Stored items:
━━━━

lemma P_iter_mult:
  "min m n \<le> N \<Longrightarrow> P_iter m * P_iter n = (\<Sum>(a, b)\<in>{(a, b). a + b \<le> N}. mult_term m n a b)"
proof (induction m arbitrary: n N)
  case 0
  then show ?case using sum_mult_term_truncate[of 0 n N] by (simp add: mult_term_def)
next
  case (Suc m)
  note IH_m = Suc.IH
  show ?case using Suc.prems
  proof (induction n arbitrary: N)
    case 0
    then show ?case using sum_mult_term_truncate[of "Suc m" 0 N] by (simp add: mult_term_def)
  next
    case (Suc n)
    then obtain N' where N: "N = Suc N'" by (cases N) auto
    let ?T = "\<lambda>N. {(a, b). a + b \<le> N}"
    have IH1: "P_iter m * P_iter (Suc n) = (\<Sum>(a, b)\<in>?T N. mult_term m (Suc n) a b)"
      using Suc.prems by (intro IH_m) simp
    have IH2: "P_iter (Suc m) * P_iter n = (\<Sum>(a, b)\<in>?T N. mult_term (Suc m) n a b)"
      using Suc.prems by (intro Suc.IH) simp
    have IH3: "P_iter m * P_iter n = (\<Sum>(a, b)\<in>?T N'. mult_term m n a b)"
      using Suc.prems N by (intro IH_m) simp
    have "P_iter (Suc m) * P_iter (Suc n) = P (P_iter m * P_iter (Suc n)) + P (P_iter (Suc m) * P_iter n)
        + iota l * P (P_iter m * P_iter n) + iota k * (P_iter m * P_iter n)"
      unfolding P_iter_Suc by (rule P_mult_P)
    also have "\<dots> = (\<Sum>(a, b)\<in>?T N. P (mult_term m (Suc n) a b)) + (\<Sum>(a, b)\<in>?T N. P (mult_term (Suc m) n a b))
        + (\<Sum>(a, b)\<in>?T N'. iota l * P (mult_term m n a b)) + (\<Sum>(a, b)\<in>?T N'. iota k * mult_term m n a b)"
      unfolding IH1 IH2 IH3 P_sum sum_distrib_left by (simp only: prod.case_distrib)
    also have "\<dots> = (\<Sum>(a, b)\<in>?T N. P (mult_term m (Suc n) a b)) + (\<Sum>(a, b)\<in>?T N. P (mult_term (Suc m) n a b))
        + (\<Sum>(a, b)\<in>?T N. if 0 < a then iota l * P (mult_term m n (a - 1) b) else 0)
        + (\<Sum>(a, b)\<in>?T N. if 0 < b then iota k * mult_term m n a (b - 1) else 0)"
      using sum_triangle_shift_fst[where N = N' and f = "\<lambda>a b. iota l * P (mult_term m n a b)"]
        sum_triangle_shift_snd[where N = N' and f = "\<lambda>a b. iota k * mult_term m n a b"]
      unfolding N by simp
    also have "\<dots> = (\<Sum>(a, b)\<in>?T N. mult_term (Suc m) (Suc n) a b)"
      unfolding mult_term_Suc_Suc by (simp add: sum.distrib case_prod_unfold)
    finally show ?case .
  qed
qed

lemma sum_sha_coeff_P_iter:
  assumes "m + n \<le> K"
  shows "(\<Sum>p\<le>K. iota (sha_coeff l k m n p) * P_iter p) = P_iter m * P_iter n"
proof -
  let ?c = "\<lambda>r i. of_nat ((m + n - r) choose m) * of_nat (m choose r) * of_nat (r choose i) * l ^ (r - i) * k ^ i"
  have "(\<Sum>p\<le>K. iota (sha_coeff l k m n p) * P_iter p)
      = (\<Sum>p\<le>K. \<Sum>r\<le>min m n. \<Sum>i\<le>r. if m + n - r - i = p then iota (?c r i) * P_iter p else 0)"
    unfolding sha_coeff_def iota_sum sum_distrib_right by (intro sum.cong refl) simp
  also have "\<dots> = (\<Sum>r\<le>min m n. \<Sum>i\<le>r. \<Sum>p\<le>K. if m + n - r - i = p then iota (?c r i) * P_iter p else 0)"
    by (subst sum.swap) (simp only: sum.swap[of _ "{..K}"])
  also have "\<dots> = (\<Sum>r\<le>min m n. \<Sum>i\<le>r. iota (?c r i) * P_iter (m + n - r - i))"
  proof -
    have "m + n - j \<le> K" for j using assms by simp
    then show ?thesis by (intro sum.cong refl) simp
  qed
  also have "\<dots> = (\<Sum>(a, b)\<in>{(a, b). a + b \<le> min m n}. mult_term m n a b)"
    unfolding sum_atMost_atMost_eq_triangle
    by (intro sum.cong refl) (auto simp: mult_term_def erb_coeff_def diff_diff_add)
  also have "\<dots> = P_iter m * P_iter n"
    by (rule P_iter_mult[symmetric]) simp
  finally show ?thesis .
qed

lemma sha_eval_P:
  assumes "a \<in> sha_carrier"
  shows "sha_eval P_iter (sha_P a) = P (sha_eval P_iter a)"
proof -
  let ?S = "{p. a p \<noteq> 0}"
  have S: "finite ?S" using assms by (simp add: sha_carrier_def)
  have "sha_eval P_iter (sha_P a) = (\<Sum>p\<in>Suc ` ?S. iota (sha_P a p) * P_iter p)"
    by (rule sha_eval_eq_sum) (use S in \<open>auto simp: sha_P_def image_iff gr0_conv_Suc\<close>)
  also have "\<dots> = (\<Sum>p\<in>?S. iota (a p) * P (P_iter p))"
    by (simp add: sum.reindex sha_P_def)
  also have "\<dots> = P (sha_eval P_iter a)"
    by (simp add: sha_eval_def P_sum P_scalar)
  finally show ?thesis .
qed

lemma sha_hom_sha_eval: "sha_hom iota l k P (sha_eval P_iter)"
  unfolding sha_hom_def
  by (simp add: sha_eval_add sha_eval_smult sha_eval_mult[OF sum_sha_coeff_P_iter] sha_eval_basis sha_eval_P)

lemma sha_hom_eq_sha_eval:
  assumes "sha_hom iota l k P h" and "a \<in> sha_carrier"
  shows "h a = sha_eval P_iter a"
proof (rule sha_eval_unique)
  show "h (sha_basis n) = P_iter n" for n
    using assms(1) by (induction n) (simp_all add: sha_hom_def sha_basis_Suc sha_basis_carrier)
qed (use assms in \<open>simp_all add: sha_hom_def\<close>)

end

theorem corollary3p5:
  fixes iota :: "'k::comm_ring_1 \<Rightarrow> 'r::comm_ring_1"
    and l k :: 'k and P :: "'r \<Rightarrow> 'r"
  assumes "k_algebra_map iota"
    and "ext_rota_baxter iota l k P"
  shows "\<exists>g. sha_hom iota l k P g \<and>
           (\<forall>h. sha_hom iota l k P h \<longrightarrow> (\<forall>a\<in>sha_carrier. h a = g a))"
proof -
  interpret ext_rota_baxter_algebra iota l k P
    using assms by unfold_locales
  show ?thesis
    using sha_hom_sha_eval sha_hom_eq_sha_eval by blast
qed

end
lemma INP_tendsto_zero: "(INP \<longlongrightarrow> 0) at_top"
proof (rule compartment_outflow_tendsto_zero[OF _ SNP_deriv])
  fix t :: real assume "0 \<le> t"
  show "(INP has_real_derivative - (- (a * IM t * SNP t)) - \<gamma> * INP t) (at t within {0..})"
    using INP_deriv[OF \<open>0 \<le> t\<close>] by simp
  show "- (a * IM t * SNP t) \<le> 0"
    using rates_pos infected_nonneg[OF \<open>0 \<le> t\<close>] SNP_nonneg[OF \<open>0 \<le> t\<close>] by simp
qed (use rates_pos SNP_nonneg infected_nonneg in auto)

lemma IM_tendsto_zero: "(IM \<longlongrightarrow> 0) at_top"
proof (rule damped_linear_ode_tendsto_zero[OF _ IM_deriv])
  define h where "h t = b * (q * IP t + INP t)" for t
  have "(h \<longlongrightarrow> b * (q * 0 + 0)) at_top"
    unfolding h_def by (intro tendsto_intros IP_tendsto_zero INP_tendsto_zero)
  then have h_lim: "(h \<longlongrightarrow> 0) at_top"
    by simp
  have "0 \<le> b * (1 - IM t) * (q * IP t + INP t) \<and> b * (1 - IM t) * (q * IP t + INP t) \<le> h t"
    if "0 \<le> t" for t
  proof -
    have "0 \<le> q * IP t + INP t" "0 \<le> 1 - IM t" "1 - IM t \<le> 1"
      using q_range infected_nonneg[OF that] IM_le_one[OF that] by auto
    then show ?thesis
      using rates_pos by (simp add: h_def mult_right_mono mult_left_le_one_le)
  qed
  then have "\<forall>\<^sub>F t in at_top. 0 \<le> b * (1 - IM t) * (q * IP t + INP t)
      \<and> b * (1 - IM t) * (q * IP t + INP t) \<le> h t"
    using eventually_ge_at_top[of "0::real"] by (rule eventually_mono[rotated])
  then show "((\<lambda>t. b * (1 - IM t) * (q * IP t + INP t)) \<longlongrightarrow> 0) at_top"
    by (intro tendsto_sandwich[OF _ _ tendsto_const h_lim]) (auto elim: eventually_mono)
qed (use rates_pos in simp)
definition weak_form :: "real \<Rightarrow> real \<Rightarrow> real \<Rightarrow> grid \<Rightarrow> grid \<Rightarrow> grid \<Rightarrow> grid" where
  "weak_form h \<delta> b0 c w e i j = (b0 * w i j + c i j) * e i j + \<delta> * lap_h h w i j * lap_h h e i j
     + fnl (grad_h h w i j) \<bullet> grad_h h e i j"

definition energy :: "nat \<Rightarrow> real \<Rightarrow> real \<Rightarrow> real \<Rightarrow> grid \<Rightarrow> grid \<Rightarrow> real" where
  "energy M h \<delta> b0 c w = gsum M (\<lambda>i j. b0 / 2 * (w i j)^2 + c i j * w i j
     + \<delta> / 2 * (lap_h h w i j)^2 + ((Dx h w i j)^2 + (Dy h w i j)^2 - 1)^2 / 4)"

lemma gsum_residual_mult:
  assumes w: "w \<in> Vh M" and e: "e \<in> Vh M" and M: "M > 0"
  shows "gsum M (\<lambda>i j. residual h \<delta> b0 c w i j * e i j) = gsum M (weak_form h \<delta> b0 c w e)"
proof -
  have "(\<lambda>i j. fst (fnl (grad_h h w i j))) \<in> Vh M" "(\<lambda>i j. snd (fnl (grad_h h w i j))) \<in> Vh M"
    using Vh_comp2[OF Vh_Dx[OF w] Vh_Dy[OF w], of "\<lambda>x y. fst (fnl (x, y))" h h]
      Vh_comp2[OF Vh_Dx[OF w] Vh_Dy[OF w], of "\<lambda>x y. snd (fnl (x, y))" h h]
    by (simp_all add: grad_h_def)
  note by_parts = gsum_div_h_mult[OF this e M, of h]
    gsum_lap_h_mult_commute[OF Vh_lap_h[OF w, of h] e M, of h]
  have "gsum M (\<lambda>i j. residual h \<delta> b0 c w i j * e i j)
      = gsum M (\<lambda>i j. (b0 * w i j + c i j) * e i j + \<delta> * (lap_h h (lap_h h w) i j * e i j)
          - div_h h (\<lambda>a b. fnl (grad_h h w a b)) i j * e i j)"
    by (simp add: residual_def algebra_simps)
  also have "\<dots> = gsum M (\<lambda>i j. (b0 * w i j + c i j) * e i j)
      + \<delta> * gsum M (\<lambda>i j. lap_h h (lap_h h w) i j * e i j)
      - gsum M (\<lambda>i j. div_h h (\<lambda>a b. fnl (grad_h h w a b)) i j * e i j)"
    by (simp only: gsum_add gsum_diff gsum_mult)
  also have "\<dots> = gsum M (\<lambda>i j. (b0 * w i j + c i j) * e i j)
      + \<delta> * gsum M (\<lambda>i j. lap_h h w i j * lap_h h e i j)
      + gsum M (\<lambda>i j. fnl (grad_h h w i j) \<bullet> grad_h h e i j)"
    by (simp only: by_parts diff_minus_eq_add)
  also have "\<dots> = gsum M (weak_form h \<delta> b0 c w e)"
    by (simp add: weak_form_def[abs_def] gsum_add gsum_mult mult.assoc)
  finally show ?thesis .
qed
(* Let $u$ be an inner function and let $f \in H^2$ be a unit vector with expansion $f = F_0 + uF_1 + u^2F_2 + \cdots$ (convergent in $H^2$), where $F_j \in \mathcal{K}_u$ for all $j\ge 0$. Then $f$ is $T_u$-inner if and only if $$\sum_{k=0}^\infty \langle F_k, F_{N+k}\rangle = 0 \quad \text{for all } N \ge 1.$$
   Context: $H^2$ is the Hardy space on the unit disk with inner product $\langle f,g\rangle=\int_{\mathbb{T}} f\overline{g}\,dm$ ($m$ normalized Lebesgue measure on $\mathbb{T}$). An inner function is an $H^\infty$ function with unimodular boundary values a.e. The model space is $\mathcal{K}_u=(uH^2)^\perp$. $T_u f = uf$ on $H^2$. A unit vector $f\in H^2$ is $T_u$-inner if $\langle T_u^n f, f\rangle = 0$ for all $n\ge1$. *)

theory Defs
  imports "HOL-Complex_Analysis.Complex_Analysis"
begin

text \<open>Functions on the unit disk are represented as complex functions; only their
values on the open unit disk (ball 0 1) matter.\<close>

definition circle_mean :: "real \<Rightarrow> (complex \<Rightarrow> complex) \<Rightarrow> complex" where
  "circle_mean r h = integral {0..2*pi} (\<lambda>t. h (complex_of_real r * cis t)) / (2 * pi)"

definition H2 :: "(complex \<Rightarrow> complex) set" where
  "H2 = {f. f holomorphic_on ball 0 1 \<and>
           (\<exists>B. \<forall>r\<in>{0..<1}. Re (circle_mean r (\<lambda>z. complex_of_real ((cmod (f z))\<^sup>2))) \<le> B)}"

━━━━

To do: The lines above from the one with "by (simp add: sha_eval_add" through the one with "proof (rule compartment_outflow_tendsto_zero[OF" are to be duplicated exactly, ends included, with nothing added.

Response area:
  by (simp add: sha_eval_add sha_eval_smult sha_eval_mult[OF sum_sha_coeff_P_iter] sha_eval_basis sha_eval_P)

lemma sha_hom_eq_sha_eval:
  assumes "sha_hom iota l k P h" and "a \<in> sha_carrier"
  shows "h a = sha_eval P_iter a"
proof (rule sha_eval_unique)
  show "h (sha_basis n) = P_iter n" for n
    using assms(1) by (induction n) (simp_all add: sha_hom_def sha_basis_Suc sha_basis_carrier)
qed (use assms in \<open>simp_all add: sha_hom_def\<close>)

end

theorem corollary3p5:
  fixes iota :: "'k::comm_ring_1 \<Rightarrow> 'r::comm_ring_1"
    and l k :: 'k and P :: "'r \<Rightarrow> 'r"
  assumes "k_algebra_map iota"
    and "ext_rota_baxter iota l k P"
  shows "\<exists>g. sha_hom iota l k P g \<and>
           (\<forall>h. sha_hom iota l k P h \<longrightarrow> (\<forall>a\<in>sha_carrier. h a = g a))"
proof -
  interpret ext_rota_baxter_algebra iota l k P
    using assms by unfold_locales
  show ?thesis
    using sha_hom_sha_eval sha_hom_eq_sha_eval by blast
qed

end
lemma INP_tendsto_zero: "(INP \<longlongrightarrow> 0) at_top"
proof (rule compartment_outflow_tendsto_zero[OF _ SNP_deriv])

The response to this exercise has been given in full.